To do -> Return, word for word, the line containing "complex) \<Rightarrow> (pt \<Rightarrow> complex)" and every line after it through the last line of the records below.

*** Begin section ***

definition weak_deriv :: "pt set \<Rightarrow> (pt \<Rightarrow> complex) \<Rightarrow> pt \<Rightarrow> (pt \<Rightarrow> complex) \<Rightarrow> bool" where
  "weak_deriv \<Omega> U e g \<longleftrightarrow>
     (\<forall>\<phi>. test_fun \<Omega> \<phi> \<longrightarrow>
        (LINT x:\<Omega>|lborel. U x * complex_of_real (pd \<phi> e x))
          = - (LINT x:\<Omega>|lborel. g x * complex_of_real (\<phi> x)))"

definition H1_grad :: "pt set \<Rightarrow> (pt \<Rightarrow> complex) \<Rightarrow> (pt \<Rightarrow> complex) \<Rightarrow> (pt \<Rightarrow> complex)
                        \<Rightarrow> (pt \<Rightarrow> complex) \<Rightarrow> bool" where
  "H1_grad \<Omega> U G1 G2 G3 \<longleftrightarrow> L2_on \<Omega> U \<and> L2_on \<Omega> G1 \<and> L2_on \<Omega> G2 \<and> L2_on \<Omega> G3 \<and>
     weak_deriv \<Omega> U e1 G1 \<and> weak_deriv \<Omega> U e2 G2 \<and> weak_deriv \<Omega> U e3 G3"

*** End section ***

Problem solution ->
definition H1_grad :: "pt set \<Rightarrow> (pt \<Rightarrow> complex) \<Rightarrow> (pt \<Rightarrow> complex) \<Rightarrow> (pt \<Rightarrow> complex)
                        \<Rightarrow> (pt \<Rightarrow> complex) \<Rightarrow> bool" where
  "H1_grad \<Omega> U G1 G2 G3 \<longleftrightarrow> L2_on \<Omega> U \<and> L2_on \<Omega> G1 \<and> L2_on \<Omega> G2 \<and> L2_on \<Omega> G3 \<and>
     weak_deriv \<Omega> U e1 G1 \<and> weak_deriv \<Omega> U e2 G2 \<and> weak_deriv \<Omega> U e3 G3"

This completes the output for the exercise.